Mrs. Robinson by Simon & Garfunkel

“Mrs. Robinson” isn’t really about Mrs. Robinson.

The Graduate is one of the greatest films of all time. This film about a recent college graduate’s struggle to figure out his life reflects a shared experience and feeling that twenty-something's across generations experience.

Then of course there is Mrs. Robinson who seduces, the recent college graduate, Benjamin while he is going out with her daughter. The whole cross-generational affair is enough to cause controversy and interest in viewers, but it’s really not the point of the film. The point is . . . well. . . it’s complex and multilayered and you’re just going to have to watch it to figure it out for yourself.

Mike Nichols’ the director of The Graduate became obsessed with Simon & Garfunkel, and asked for three songs to be written for this film. Paul Simon came up with the shell of one about Mrs. Roosevelt, Joe DiMaggio and times past. After some lyric changes, a stripped down version without verse appeared in the film.

Later Simon & Garfunkel completed this song and released it on their 1968 album, Bookends. Along with “Bridge Over Troubled Waters” (which I discussed in this earlier post), “Mrs. Robinson” became one of Simon & Garfunkel’s signature songs and one of the most popular songs of the decade.

Now when I said that this song isn’t about Mrs. Robinson, it’s because, she’s really not a respected or heroic figure in the film. The lyrics of this song really don’t hold the depth that later Paul Simon songs do. He admitted that the Joe DiMaggio reference had more to do with syllables then meaning and also there’s the fact that it was originally Mrs. Roosevelt that he was singing about.
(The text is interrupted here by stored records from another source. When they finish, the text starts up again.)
lemma lattice_edges_cross_at_grid_midpoint:
  assumes "lattice_edge e" "lattice_edge f" "e \<noteq> f" "z \<in> edge_image e" "z \<in> edge_image f"
    "z \<notin> lattice_pos ` (e \<union> f)"
  shows "grid_edge e \<and> tree_edge f \<and> z = edge_midpoint e \<or> grid_edge f \<and> tree_edge e \<and> z = edge_midpoint f"
proof -
  have on_line: "\<exists>N. Re z = real N \<or> Im z = real N" if "grid_edge g \<or> tree_edge g" "z \<in> edge_image g" for g
    using that unfolding grid_edge_def tree_edge_def
    by (elim disjE) (metis grid_hedgeE, metis grid_vedgeE, metis tree_hedgeE, metis tree_vedgeE)
  have "\<not> spoke e"
  proof
    assume "spoke e"
    then show False
      using assms spokes_meet_at_end on_line spoke_meets_lattice_line_at_end
      unfolding lattice_edge_def by blast
  qed
  moreover have "\<not> spoke f"
  proof
    assume "spoke f"
    then show False
      using assms spokes_meet_at_end on_line spoke_meets_lattice_line_at_end
      unfolding lattice_edge_def by blast
  qed
  ultimately have "grid_hedge e \<or> tree_hedge e \<or> grid_vedge e \<or> tree_vedge e"
    "grid_hedge f \<or> tree_hedge f \<or> grid_vedge f \<or> tree_vedge f"
    using assms(1,2) unfolding lattice_edge_def grid_edge_def tree_edge_def by blast+
  then show ?thesis
    using assms(3-6) horizontal_edges_meet_at_end vertical_edges_meet_at_end
      horizontal_vertical_crossing[of e f z] horizontal_vertical_crossing[of f e z]
    by (metis Un_commute)
qed

section \<open>The grid with an H-tree\<close>

text \<open>
  The H of level \<open>u + 1\<close> with centre \<open>(2 ^ u * (4 * p + 2), 2 ^ u * (4 * q + 2))\<close> joins its
  centre to the two ends \<open>i = 1, 3\<close> of its horizontal bar, and each end to the two centres
  \<open>j = 1, 3\<close> of level \<open>u\<close> above and below it; it fits if it lies inside \<open>[0, 2 ^ m]\<^sup>2\<close>.
\<close>

definition htree_fits :: "nat \<Rightarrow> nat \<Rightarrow> nat \<Rightarrow> nat \<Rightarrow> bool" where
  "htree_fits m u p q \<longleftrightarrow> 2 ^ u * (4 * p + 4) \<le> (2::nat) ^ m \<and> 2 ^ u * (4 * q + 4) \<le> (2::nat) ^ m"

definition htree_centres :: "nat \<Rightarrow> (nat \<times> nat) set" where
  "htree_centres m = {(2 ^ v * (2 * p + 1), 2 ^ v * (2 * q + 1)) | v p q.
     2 ^ v * (2 * p + 1) < (2::nat) ^ m \<and> 2 ^ v * (2 * q + 1) < (2::nat) ^ m}"

definition htree_bar_ends :: "nat \<Rightarrow> (nat \<times> nat) set" where
  "htree_bar_ends m = {(2 ^ u * (4 * p + i), 2 ^ u * (4 * q + 2)) | u p q i.
     (i = 1 \<or> i = 3) \<and> htree_fits m u p q}"

definition htree_nodes :: "nat \<Rightarrow> (nat \<times> nat) set" where
  "htree_nodes m = htree_centres m \<union> htree_bar_ends m"

definition htree_grid_vertices :: "nat \<Rightarrow> nat set" where
  "htree_grid_vertices m = {grid_vertex x y | x y. x < 2 ^ m \<and> y < 2 ^ m} \<union>
     {tree_vertex a b | a b. (a, b) \<in> htree_nodes m}"

definition htree_grid_edges :: "nat \<Rightarrow> nat set set" where
  "htree_grid_edges m =
     {{grid_vertex x y, grid_vertex (Suc x) y} | x y. Suc x < 2 ^ m \<and> y < 2 ^ m} \<union>
     {{grid_vertex x y, grid_vertex x (Suc y)} | x y. x < 2 ^ m \<and> Suc y < 2 ^ m} \<union>
     {{tree_vertex (2 ^ u * (4 * p + 2)) (2 ^ u * (4 * q + 2)), tree_vertex (2 ^ u * (4 * p + i)) (2 ^ u * (4 * q + 2))}
       | u p q i. (i = 1 \<or> i = 3) \<and> htree_fits m u p q} \<union>
     {{tree_vertex (2 ^ u * (4 * p + i)) (2 ^ u * (4 * q + 2)), tree_vertex (2 ^ u * (4 * p + i)) (2 ^ u * (4 * q + j))}
       | u p q i j. (i = 1 \<or> i = 3) \<and> (j = 1 \<or> j = 3) \<and> htree_fits m u p q} \<union>
     {{tree_vertex a b, grid_vertex x y} | a b x y. (a, b) \<in> htree_nodes m \<and>
       (x = a \<or> Suc x = a) \<and> (y = b \<or> Suc y = b)}"

lemma htree_fits_bounds:
  assumes "htree_fits m u p q" "i = 1 \<or> i = 3"
  shows "2 ^ u * (4 * p + i) < (2::nat) ^ m" "2 ^ u * (4 * q + i) < (2::nat) ^ m"
    "2 ^ u * (4 * p + 2) < (2::nat) ^ m" "2 ^ u * (4 * q + 2) < (2::nat) ^ m"
proof -
  have "2 ^ u * (4 * p + i) < (2::nat) ^ u * (4 * p + 4)" "2 ^ u * (4 * q + i) < (2::nat) ^ u * (4 * q + 4)"
    "2 ^ u * (4 * p + 2) < (2::nat) ^ u * (4 * p + 4)" "2 ^ u * (4 * q + 2) < (2::nat) ^ u * (4 * q + 4)"
    unfolding mult_less_cancel1 using assms(2) by auto
  then show "2 ^ u * (4 * p + i) < (2::nat) ^ m" "2 ^ u * (4 * q + i) < (2::nat) ^ m"
    "2 ^ u * (4 * p + 2) < (2::nat) ^ m" "2 ^ u * (4 * q + 2) < (2::nat) ^ m"
    using assms(1) unfolding htree_fits_def by linarith+
qed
What we are left is really about gratitude, trying to convince someone how important and meaningful they are to the people around them. It’s a beautiful sentiment and every time the chorus rises, you feel a sense of warmth and love.

If you take this song as being separate from the film, it takes on a whole other level of meaning. It’s not about the loss and confusion of The Graduate, rather it’s a reassuring anthem to a person who doesn’t realize how special she is to the people in her life.

Watch The Graduate and sing along with “Mrs. Robinson.” Try not to get them mixed up with each other. Sometimes we find meaning when we put things together but other times we find even more meaning when we look at things separately.